Matthew Wilson, an associate professor of geography at UK since 2011, has been staying in an apartment just two or three blocks from the Las Ramblas promenade, where an Islamic extremist drove a van into a crowd on Thursday. Fourteen people were killed and more than 120 were wounded.
At about 4:50 p.m. on Thursday, Wilson said he went out for a walk to get an early dinner, and as he sat down to eat, he noticed that “things seemed a little bit off.”
Never miss a local story.
“Cars were driving pretty fast,” he said. But “it’s not unusual in the gothic quarter to see weird things.”

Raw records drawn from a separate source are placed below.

lemma Phi_cfrac_eventually_one:
  assumes d: "\<forall>k. 1 \<le> d k" and ones: "\<forall>k>P. d k = 1"
  shows "Phi (cfrac d) = ereal (brjuno_trunc (alpha (cfrac d)) P brjuno_golden)"
proof -
  define u where "u = alpha (cfrac d)"
  define t where "t k = brjuno_weight u k * ln (1 / u k)" for k
  have Phi: "Phi (cfrac d) = (\<Sum>k. ereal (t k))"
    unfolding Phi_def t_def brjuno_weight_def u_def ..
  have golden: "u (Suc P + k) = golden_tail" for k
    unfolding u_def by (rule alpha_cfrac_beyond_last[OF d ones]) simp
  have "brjuno_weight u (Suc P + k) = brjuno_weight u (Suc P) * golden_tail ^ k" for k
    using brjuno_weight_add[of u "Suc P" k] golden by simp
  then have "t (Suc P + k) = brjuno_weight u (Suc P) * ln (1 / golden_tail) * golden_tail ^ k" for k
    using golden[of k] by (simp add: t_def)
  then have "(\<lambda>k. t (k + Suc P)) = (\<lambda>k. brjuno_weight u (Suc P) * ln (1 / golden_tail) * golden_tail ^ k)"
    by (simp add: add.commute)
  then have "(\<lambda>k. t (k + Suc P)) sums (brjuno_weight u (Suc P) * brjuno_golden)"
    using sums_mult[OF geometric_sums, of golden_tail "brjuno_weight u (Suc P) * ln (1 / golden_tail)"]
      golden_tail_bounds by (simp add: brjuno_golden_def)
  then have "t sums ((\<Sum>k\<le>P. t k) + brjuno_weight u (Suc P) * brjuno_golden)"
    using sums_iff_shift[of t "Suc P"] by (simp add: lessThan_Suc_atMost add.commute)
  moreover have "brjuno_trunc u P brjuno_golden = (\<Sum>k\<le>P. t k) + brjuno_weight u (Suc P) * brjuno_golden"
    by (simp add: brjuno_trunc_def t_def)
  ultimately have "(\<lambda>k. ereal (t k)) sums ereal (brjuno_trunc u P brjuno_golden)"
    by (simp add: sums_ereal)
  then show ?thesis
    unfolding Phi u_def by (rule sums_unique[symmetric])
qed

lemma brjuno_trunc_ge:
  assumes u: "cf_tail_seq c u" and le_D: "\<forall>k<P. c k \<le> D" and "0 \<le> C"
  shows "(1 / (D + 1)) ^ P * ln (1 / u P) \<le> brjuno_trunc u P C"
proof -
  have u0: "\<And>j. 0 \<le> u j"
    using cf_tail_seqD(2)[OF u] less_imp_le by blast
  have "(\<Prod>k<P. 1 / (D + 1)) \<le> brjuno_weight u P"
    unfolding brjuno_weight_def
  proof (rule prod_mono)
    fix k
    assume "k \<in> {..<P}"
    then show "0 \<le> 1 / (D + 1) \<and> 1 / (D + 1) \<le> u k"
      using cf_tail_seq_ge[OF u] cf_tail_seqD(1)[OF u, of k] le_D by fastforce
  qed
  then have "(1 / (D + 1)) ^ P * ln (1 / u P) \<le> brjuno_weight u P * ln (1 / u P)"
    using cf_tail_seq_ln_inverse_nonneg[OF u] by (simp add: mult_right_mono)
  moreover have "0 \<le> brjuno_weight u k * ln (1 / u k)" for k
    using brjuno_weight_nonneg[OF u0] cf_tail_seq_ln_inverse_nonneg[OF u] by simp
  then have "brjuno_weight u P * ln (1 / u P) \<le> brjuno_trunc u P C"
    unfolding brjuno_trunc_def
    using member_le_sum[of P "{..P}" "\<lambda>k. brjuno_weight u k * ln (1 / u k)"]
      brjuno_weight_nonneg[OF u0] \<open>0 \<le> C\<close> by (simp add: add_increasing2)
  ultimately show ?thesis
    by linarith
qed

lemma brjuno_trunc_last_digit_Suc_le:
  fixes d :: "nat \<Rightarrow> nat"
  assumes d: "\<forall>k. 1 \<le> d k" and le_D: "\<forall>k<P. real (d k) \<le> D" and D: "1 \<le> D"
    and ones: "\<forall>k>P. d k = 1" and N: "1 \<le> N" and C: "0 \<le> C"
  shows "brjuno_trunc (alpha (cfrac (d(P := Suc N)))) P C
    \<le> brjuno_trunc (alpha (cfrac (d(P := N)))) P C + jump_bound P D C"
proof -
  have upd: "\<forall>k. 1 \<le> (d(P := N')) k" "\<forall>k>P. (d(P := N')) k = 1" if "1 \<le> N'" for N'
    using d ones that by auto
  interpret last_digit_jump "\<lambda>k. real ((d(P := N)) k)" "\<lambda>k. real ((d(P := Suc N)) k)"
    "alpha (cfrac (d(P := N)))" "alpha (cfrac (d(P := Suc N)))" P D "real N + golden_tail"
  proof
    show "cf_tail_seq (\<lambda>k. real ((d(P := N)) k)) (alpha (cfrac (d(P := N))))"
      by (rule cf_tail_seq_alpha_cfrac[OF upd(1)[OF N]])
    show "cf_tail_seq (\<lambda>k. real ((d(P := Suc N)) k)) (alpha (cfrac (d(P := Suc N))))"
      by (rule cf_tail_seq_alpha_cfrac[OF upd(1)]) simp
    show "alpha (cfrac (d(P := N))) P = 1 / (real N + golden_tail)"
      using alpha_cfrac_last[of "d(P := N)", OF upd[OF N]] by simp
    show "alpha (cfrac (d(P := Suc N))) P = 1 / (real N + golden_tail + 1)"
      using alpha_cfrac_last[of "d(P := Suc N)", OF upd] by (simp add: add_ac)
    show "1 \<le> real N + golden_tail"
      using N golden_tail_bounds by simp
  qed (use le_D D in auto)
  show ?thesis
    using brjuno_trunc_diff_le[OF C] by linarith
qed

lemma exists_crossing_of_bounded_steps:
  fixes f :: "nat \<Rightarrow> real"
  assumes "f m \<le> c" "c < f M" "m \<le> M" and step: "\<And>N. m \<le> N \<Longrightarrow> f (Suc N) \<le> f N + \<eta>"
  shows "\<exists>N>m. c < f N \<and> f N \<le> c + \<eta>"
  using assms(2,3)
proof (induction M)
  case 0
  then show ?case
    using assms(1) by simp
next
  case (Suc M)
  show ?case
  proof (cases "m \<le> M \<and> c < f M")
    case True
    then show ?thesis
      using Suc.IH by blast
  next
    case False
    have "m \<noteq> Suc M"
      using Suc.prems(1) assms(1) by auto
    then have "m \<le> M" "f M \<le> c"
      using Suc.prems(2) False by auto
    then have "m < Suc M" "c < f (Suc M)" "f (Suc M) \<le> c + \<eta>"
      using Suc.prems(1) step[of M] by auto
    then show ?thesis
      by blast
  qed
qed

lemma exists_last_digit_Phi_between:
  fixes d :: "nat \<Rightarrow> nat"
  assumes d: "\<forall>k. 1 \<le> d k" and le_D: "\<forall>k<P. real (d k) \<le> D" and D: "1 \<le> D"
    and ones: "\<forall>k\<ge>P. d k = 1" and \<epsilon>: "0 < \<epsilon>" and small: "jump_bound P D brjuno_golden < \<epsilon>"
  shows "\<exists>N>0. Phi (cfrac d) + ereal \<epsilon> < Phi (cfrac (d(P := N)))
    \<and> Phi (cfrac (d(P := N))) < Phi (cfrac d) + ereal (2 * \<epsilon>)"
proof -
  define f where "f N = brjuno_trunc (alpha (cfrac (d(P := N)))) P brjuno_golden" for N
  have upd: "\<forall>k. 1 \<le> (d(P := N)) k" "\<forall>k>P. (d(P := N)) k = 1" if "1 \<le> N" for N
    using d ones that by auto
  have Phi_f: "Phi (cfrac (d(P := N))) = ereal (f N)" if "1 \<le> N" for N
    unfolding f_def by (rule Phi_cfrac_eventually_one[OF upd[OF that]])
  have "d(P := 1) = d"
    using ones by auto
  have growth: "(1 / (D + 1)) ^ P * ln (real N) \<le> f N" if "1 \<le> N" for N
  proof -
    have "(1 / (D + 1)) ^ P * ln (real N) \<le> (1 / (D + 1)) ^ P * ln (1 / alpha (cfrac (d(P := N))) P)"
      using alpha_cfrac_last[of "d(P := N)", OF upd[OF that]] that golden_tail_bounds D
      by (simp add: mult_left_mono)
    also have "\<dots> \<le> f N"
      unfolding f_def
      by (rule brjuno_trunc_ge[OF cf_tail_seq_alpha_cfrac[of "d(P := N)", OF upd(1)[OF that]]])
        (use le_D brjuno_golden_nonneg in auto)
    finally show ?thesis .
  qed
  have "filterlim (\<lambda>N. \<kappa> * ln (real N)) at_top sequentially" if "0 < \<kappa>" for \<kappa> :: real
    using filterlim_tendsto_pos_mult_at_top[OF tendsto_const that
        filterlim_compose[OF ln_at_top filterlim_real_sequentially]]
    by simp
  then have "\<forall>\<^sub>F N in sequentially. f 1 + \<epsilon> < (1 / (D + 1)) ^ P * ln (real N) \<and> 1 \<le> N"
    using D by (intro eventually_conj eventually_ge_at_top) (simp_all add: filterlim_at_top_dense)
  then obtain M where "1 \<le> M" "f 1 + \<epsilon> < f M"
    using growth unfolding eventually_sequentially by (meson nle_le order_less_le_trans)
  moreover have "f (Suc N) \<le> f N + jump_bound P D brjuno_golden" if "1 \<le> N" for N
    unfolding f_def using d le_D D ones that brjuno_golden_nonneg
    by (intro brjuno_trunc_last_digit_Suc_le) auto
  ultimately obtain N where "1 < N" "f 1 + \<epsilon> < f N" "f N \<le> f 1 + \<epsilon> + jump_bound P D brjuno_golden"
    using exists_crossing_of_bounded_steps[of f 1 "f 1 + \<epsilon>" M] \<epsilon> by auto
  then show ?thesis
    using Phi_f[of 1] Phi_f[of N] small \<open>d(P := 1) = d\<close> by (intro exI[of _ N]) auto
qed

theorem mainTheorem3:
  fixes a :: "nat \<Rightarrow> nat" and n :: nat and \<epsilon> :: real
  assumes "\<forall>k\<le>n. a k > 0"
    and "\<epsilon> > 0"
  shows "\<exists>m::nat. m > 0 \<and> (\<exists>N::nat. N > 0 \<and>
     (let \<omega> = cfrac (\<lambda>k. if k \<le> n then a k else 1);
          \<beta> = cfrac (\<lambda>k. if k \<le> n then a k else if k = n + m then N else 1)
      in Phi \<omega> + ereal \<epsilon> < Phi \<beta> \<and> Phi \<beta> < Phi \<omega> + ereal (2 * \<epsilon>)))"
proof -
  define d where "d k = (if k \<le> n then a k else 1)" for k
  define D where "D = 1 + (\<Sum>k\<le>n. real (a k))"
  have d: "\<forall>k. 1 \<le> d k"
    using assms(1) by (simp add: d_def Suc_le_eq)
  have "1 \<le> D" "\<forall>k. real (d k) \<le> D"
    using member_le_sum[of _ "{..n}" "\<lambda>k. real (a k)"]
    by (auto simp: d_def D_def sum_nonneg add_increasing)
  moreover obtain P where "n < P" and small: "jump_bound P D brjuno_golden < \<epsilon>"
    using exists_jump_bound_less[OF assms(2)] by blast
  moreover have "\<forall>k\<ge>P. d k = 1"
    using \<open>n < P\<close> by (simp add: d_def)
  ultimately obtain N where "N > 0" and "Phi (cfrac d) + ereal \<epsilon> < Phi (cfrac (d(P := N)))"
    and "Phi (cfrac (d(P := N))) < Phi (cfrac d) + ereal (2 * \<epsilon>)"
    using exists_last_digit_Phi_between[OF d _ _ _ assms(2)] by blast
  moreover have "(\<lambda>k. if k \<le> n then a k else if k = n + (P - n) then N else 1) = d(P := N)"
    using \<open>n < P\<close> by (auto simp: d_def)
  ultimately show ?thesis
    using \<open>n < P\<close> unfolding Let_def d_def[abs_def] by (intro exI[of _ "P - n"]) auto
qed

On his walk back, the commotion became more noticeable.
Since he doesn’t have a data plan on his phone, he said it was not until he reached the apartment that he began receiving notifications about the attack.
Because he does not speak Catalan, the language of the region, Wilson said he and an undergraduate friend from UK who has since flown back home struggled to translate the messages.
Las Ramblas still feels a bit like a funeral procession.
University of Kentucky professor Matthew Wilson
He said authorities “encouraged those of us living in this neighborhood to lock our doors” while they searched for those responsible. They were discouraged from using their phones but were receiving continual texts and messages from concerned friends.
From the apartment building’s rooftop terrace, Wilson said he could see the activity below.
“There were police vehicles … people running,” he said. “… It was intense. I’ve never been in a situation like this.”
For a while, Wilson said he worried that he might be safer if he left the apartment.
“There was discussion about a bomb,” he said. “I didn’t know if I would be safe in this building.”
At about midnight, Wilson said he got word that it was OK to go out.
Outside, “it was incredibly silent,” he said.
Restaurants, bars and clubs that normally would have been bustling with activity were closed, and public plazas were cordoned off.
On Friday, Wilson attended the noontime vigil at Plaça de Catalunya where tens of thousands of locals and tourists, along with Spain’s King Felipe VI, Prime Minister Mariano Rajoy and other political leaders, gathered.
“You could hear the wings” of pigeons flying overhead during a moment of silence for the victims of the attack, he said. Then came the roar of the crowd chanting “I’m not afraid” in Catalan.
“It was a remarkable moment of solidarity,” he said.
This is Wilson’s fourth summer in Barcelona.
“It’s kind of a nice holiday town to get away to do some writing,” he said.
He said he began a sabbatical from his position at UK, where he teaches classes in digital mapping, earlier this summer. He flew to London in late July to do some research at the British Library, then went on to Barcelona.
Wilson said he plans to return to London later this month, then head back to Lexington Sept. 6 before continuing his research at other sites.
In the street where the attack occurred, “there’s a lot of quiet,” Wilson said. “Las Ramblas still feels a bit like a funeral procession.”
There’s “a new sense of uneasiness,” he said. “There’s just not a mindset here to expect that kind of attack.”
But even before Thursday, Wilson said he had noticed more police presence and armed guards in public places. He said he noticed it in London, too, where similar attacks were carried out on London Bridge and Westminster Bridge earlier this year.
“Europe is definitely on notice about this,” he said.